New Applications of Bandits and Reinforcement Learning Algorithms for Recommender Systems

In recent years, there has been a surge of interest in applying reinforcement learning as alternatives to supervised learning for recommender systems. In this talk, I will cover a couple of new applications of reinforcement learning in which these techniques are used to assist supervised learning based recommender systems in making a more holistic decision to optimize long term user experience on the platform. I will also go over our recent work in building recommender agents to optimize utilities of different entities of the platform beyond content consumers, whose behaviors are influenced by the recommender policy as well.

Minmin Chen is a Research Scientist in Google Brain, where she leads a team working on reinforcement learning for recommender systems. Before that, she was a research scientist at Criteo, working on computational models for online advertising, and Amazon, working on the Amazon Go project. She did her PhD at Washington University in St. Louis.
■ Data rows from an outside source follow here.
lemma emeasure_density_power_order_density:
  assumes \<beta>: "0 < \<beta>" and i: "1 \<le> i" "i \<le> n" and c: "0 \<le> c" "c \<le> 1"
    and A: "A \<in> sets borel" "\<And>v. 0 < v \<Longrightarrow> v < 1 \<Longrightarrow> v \<in> A \<longleftrightarrow> v \<le> c"
  shows "emeasure (density lborel (\<lambda>v. indicator {0<..<1} v * power_order_density \<beta> n i v)) A
    = ennreal (binomial_tail n i (c powr \<beta>))"
proof -
  have "emeasure (density lborel (\<lambda>v. indicator {0<..<1} v * power_order_density \<beta> n i v)) A
      = (\<integral>\<^sup>+ v. ennreal (indicator {0<..<1} v * power_order_density \<beta> n i v) * indicator A v \<partial>lborel)"
    by (rule emeasure_density) (use A(1) in simp_all)
  also have "\<dots> = (\<integral>\<^sup>+ v. ennreal (indicator {0<..<c} v * power_order_density \<beta> n i v) \<partial>lborel)"
    using AE_lborel_singleton[of c]
    by (rule nn_integral_cong_AE[OF eventually_mono]) (use A(2) c in \<open>auto simp: indicator_def\<close>)
  also have "\<dots> = ennreal (binomial_tail n i (c powr \<beta>))"
  proof (cases "c = 0")
    case False
    with c have c_pos: "0 < c"
      by simp
    have "integrable lborel (\<lambda>v. indicator {0<..<c} v * power_order_density \<beta> n i v)"
      using power_order_density_integral(1)[OF \<beta> i c_pos c(2)] by (simp add: set_integrable_def)
    then have "(\<integral>\<^sup>+ v. ennreal (indicator {0<..<c} v * power_order_density \<beta> n i v) \<partial>lborel)
        = ennreal (LINT v:{0<..<c}|lborel. power_order_density \<beta> n i v)"
      unfolding set_lebesgue_integral_def using c
      by (subst nn_integral_eq_integral)
        (auto simp: indicator_def intro!: power_order_density_nonneg[OF \<beta> i(1)])
    then show ?thesis
      by (simp add: power_order_density_integral(2)[OF \<beta> i c_pos c(2)])
  qed (use \<beta> binomial_tail_0[OF i(1)] in simp)
  finally show ?thesis .
qed

definition ecr_order_distr :: "real \<Rightarrow> real \<Rightarrow> nat \<Rightarrow> nat \<Rightarrow> real measure" where
  "ecr_order_distr \<beta> lam n i =
    distr (density lborel (\<lambda>v. indicator {0<..<1} v * power_order_density \<beta> n i v)) borel (cr_quantile lam)"

lemma real_distribution_ecr_order_distr:
  assumes "0 < \<beta>" "1 \<le> i" "i \<le> n"
  shows "real_distribution (ecr_order_distr \<beta> lam n i)"
proof -
  have "emeasure (ecr_order_distr \<beta> lam n i) UNIV = 1"
    using emeasure_density_power_order_density[OF assms, of 1 UNIV] binomial_tail_1[OF assms(3)]
    by (simp add: ecr_order_distr_def emeasure_distr)
  then show ?thesis
    by (auto simp: real_distribution_def real_distribution_axioms_def ecr_order_distr_def intro: prob_spaceI)
qed

lemma cdf_ecr_order_distr:
  assumes \<beta>: "0 < \<beta>" and i: "1 \<le> i" "i \<le> n" and lam: "0 < lam"
  shows "cdf (ecr_order_distr \<beta> lam n i) t = binomial_tail n i (ecr_cdf \<beta> lam t)"
proof -
  define c where "c = cr_cdf lam (max t 0)"
  have c: "0 \<le> c" "c \<le> 1"
    using cr_cdf_bounds[OF lam] by (auto simp: c_def less_imp_le)
  have "cr_quantile lam v \<le> t \<longleftrightarrow> v \<le> c" if "0 < v" "v < 1" for v
    using cr_quantile_le_iff[OF lam that, of "max t 0"] cr_quantile_pos[OF lam that]
    by (auto simp: c_def max_def)
  moreover have "cr_quantile lam -` {..t} \<in> sets borel"
    using measurable_sets_borel[OF borel_measurable_cr_quantile] by simp
  ultimately have "emeasure (ecr_order_distr \<beta> lam n i) {..t} = ennreal (binomial_tail n i (c powr \<beta>))"
    unfolding ecr_order_distr_def
    by (subst emeasure_distr) (auto intro!: emeasure_density_power_order_density[OF \<beta> i c])
  moreover have "0 \<le> binomial_tail n i (c powr \<beta>)"
    using c \<beta> by (intro binomial_tail_nonneg powr_le1) auto
  ultimately show ?thesis
    by (simp add: cdf_def measure_def ecr_cdf_eq_cr_cdf[OF lam] c_def)
qed

lemma power_order_density_expansion:
  assumes i: "1 \<le> i" "i \<le> n" and v: "0 < v"
  shows "power_order_density \<beta> n i v = \<beta> / Beta (real i) (real (n - i + 1))
    * (\<Sum>j = 0..n - i. (-1) ^ j * real ((n - i) choose j) * v powr (real (i + j) * \<beta> - 1))"
proof -
  have "(1 - v powr \<beta>) ^ (n - i) = (\<Sum>j\<le>n - i. real ((n - i) choose j) * (- (v powr \<beta>)) ^ j * 1 ^ (n - i - j))"
    using binomial_ring[of "- (v powr \<beta>)" 1 "n - i"] by simp
  also have "\<dots> = (\<Sum>j = 0..n - i. (-1) ^ j * real ((n - i) choose j) * (v powr \<beta>) ^ j)"
    unfolding atLeast0AtMost power_minus[of "v powr \<beta>"] by (simp add: mult_ac)
  finally have binomial: "(1 - v powr \<beta>) ^ (n - i) = \<dots>" .
  have powers: "(v powr \<beta>) ^ (i - 1) * v powr (\<beta> - 1) * (v powr \<beta>) ^ j = v powr (real (i + j) * \<beta> - 1)"
    for j
  proof -
    have "(v powr \<beta>) ^ (i - 1) * v powr (\<beta> - 1) * (v powr \<beta>) ^ j
        = v powr (real (i - 1) * \<beta> + (\<beta> - 1) + real j * \<beta>)"
      using v by (simp add: powr_power powr_add)
    also have "real (i - 1) * \<beta> + (\<beta> - 1) + real j * \<beta> = real (i + j) * \<beta> - 1"
      using i by (simp add: algebra_simps)
    finally show ?thesis .
  qed
  have "power_order_density \<beta> n i v = \<beta> / Beta (real i) (real (n - i + 1))
      * ((v powr \<beta>) ^ (i - 1) * v powr (\<beta> - 1) * (1 - v powr \<beta>) ^ (n - i))"
    by (simp add: power_order_density_def)
  also have "\<dots> = \<beta> / Beta (real i) (real (n - i + 1)) * (\<Sum>j = 0..n - i. (-1) ^ j
      * real ((n - i) choose j) * ((v powr \<beta>) ^ (i - 1) * v powr (\<beta> - 1) * (v powr \<beta>) ^ j))"
    unfolding binomial sum_distrib_left by (simp add: mult_ac)
  finally show ?thesis
    unfolding powers .
qed

lemma power_order_density_cr_quantile_powr:
  assumes lam: "0 < lam" and i: "1 \<le> i" "i \<le> n" and v: "0 < v" "v < 1"
  shows "power_order_density \<beta> n i v * cr_quantile lam v powr r
    = \<beta> * (lam * sqrt 2) powr r / Beta (real i) (real (n - i + 1))
      * (\<Sum>j = 0..n - i. (-1) ^ j * real ((n - i) choose j)
          * (v powr (r / 2 + real (i + j) * \<beta> - 1) * (1 - v) powr (- r) * (1 - v / 2) powr (r / 2)))"
proof -
  have "v powr (r / 2 + real (i + j) * \<beta> - 1) = v powr (real (i + j) * \<beta> - 1) * v powr (r / 2)" for j
    by (simp add: powr_add[symmetric] algebra_simps)
  then show ?thesis
    using assms by (simp add: power_order_density_expansion cr_quantile_powr sum_distrib_left
        sum_distrib_right mult_ac)
qed

lemma power_order_density_cr_quantile_moment:
  assumes \<beta>: "0 < \<beta>" and lam: "0 < lam" and i: "1 \<le> i" "i \<le> n"
    and r: "- 2 * real i * \<beta> < r" "r < 1"
  defines "g \<equiv> \<lambda>v. indicator {0<..<1} v * power_order_density \<beta> n i v * cr_quantile lam v powr r"
  shows "integrable lborel g"
    and "integral\<^sup>L lborel g = \<beta> * (lam * sqrt 2) powr r / Beta (real i) (real (n - i + 1))
        * (\<Sum>j = 0..n - i. (-1) ^ j * real ((n - i) choose j)
            * Beta (1 - r) (r / 2 + real (i + j) * \<beta>)
            * hyp2F1 (- r / 2) (r / 2 + real (i + j) * \<beta>) (1 - r / 2 + real (i + j) * \<beta>) (1 / 2))"
      (is "_ = ?moment")
proof -
  define b where "b = (\<lambda>j::nat. r / 2 + real (i + j) * \<beta>)"
  define F where "F = (\<lambda>j v. indicator {0<..<1} v
    * (v powr (b j - 1) * (1 - v) powr ((1 - r) - 1) * (1 - 1 / 2 * v) powr (r / 2)))"
  define K where "K = (\<lambda>j. \<beta> * (lam * sqrt 2) powr r / Beta (real i) (real (n - i + 1))
    * ((-1) ^ j * real ((n - i) choose j)))"
  have "0 < b j" for j
  proof -
    have "real i * \<beta> \<le> real (i + j) * \<beta>"
      using \<beta> by (intro mult_right_mono) auto
    then show ?thesis
      using r(1) by (simp add: b_def)
  qed
  then have F_int: "integrable lborel (F j)"
    and F_integral: "integral\<^sup>L lborel (F j) = Beta (b j) (1 - r) * hyp2F1 (- (r / 2)) (b j) (1 - r + b j) (1 / 2)"
    for j
    unfolding F_def using r by (intro hyp2F1_Euler_integral; simp)+
  have "g v = (\<Sum>j = 0..n - i. K j * F j v)" for v
    using power_order_density_cr_quantile_powr[OF lam i, of v \<beta> r]
    by (cases "v \<in> {0<..<1}") (simp_all add: g_def F_def K_def b_def sum_distrib_left mult_ac)
  then have g_eq: "g = (\<lambda>v. \<Sum>j = 0..n - i. K j * F j v)"
    by (rule ext)
  show "integrable lborel g"
    unfolding g_eq using F_int by simp
  show "integral\<^sup>L lborel g = ?moment"
    unfolding g_eq using F_int
    by (simp add: F_integral K_def b_def sum_distrib_left Beta_commute[of "1 - r"] algebra_simps)
qed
She publishes at top machine learning and recommendation conferences such as Neurips, ICML, ICLR, RecSys and WSDM, and regularly serves as area chair at Neurips, ICML and ICLR.

Houssam Nassif, Senior Machine Learning Scientist at Amazon

Solving Inverse Reinforcement Learning, Bootstrapping Bandits, and Adaptive Recommendation

This talk discusses three different ways we leveraged reward signals to inform recommendation. In Deep PQR: Solving Inverse Reinforcement Learning using Anchor Actions (ICML’20), we use deep energy-based policies to recover the true reward function in an Inverse Reinforcement Learning setting. We uniquely identify the reward function by assuming the existence of an anchor action with known reward, for example a do-nothing action with zero reward. In Decoupling Learning Rates Using Empirical Bayes (under review, arXiv), we devise an Empirical Bayes formulation that extracts an unbiased prior in hindsight from an experiment’s early reward signals. We apply this empirical prior to warm-start bandit recommendations and speed up convergence. In Seeker: Real-Time Interactive Search (KDD’19), we introduce a recommender system that adaptively refines search rankings in real time, through user interactions in the form of likes and dislikes. We extend Boltzmann exploration to adapt to the interactively changing embedding space, and to factor-in the uncertainty of the reward estimates.

Houssam Nassif started his career as a wet-lab biologist, before switching to computer sciences, earning his PhD in Artificial Intelligence from the University of Wisconsin - Madison. His early research spans biomedical informatics, statistical relational learning, and uplift modeling. Since joining Amazon in 2013, Houssam has been passionate about adaptive experimentation. He established and leads Amazon’s adaptive testing framework, researching, deploying and evangelizing bandits, with forays into reinforcement learning, causality, and diversity. He helped launch 27 business products across Amazon, Google, and Cisco, which generated $1.5 billion incremental yearly revenue. Houssam has published over 25 peer-reviewed papers in leading ML and biomedical informatics conferences and journals, and organized AISTATS’15. His work has been recognized with 4 paper awards, including from RecSys’16 and KDD’17.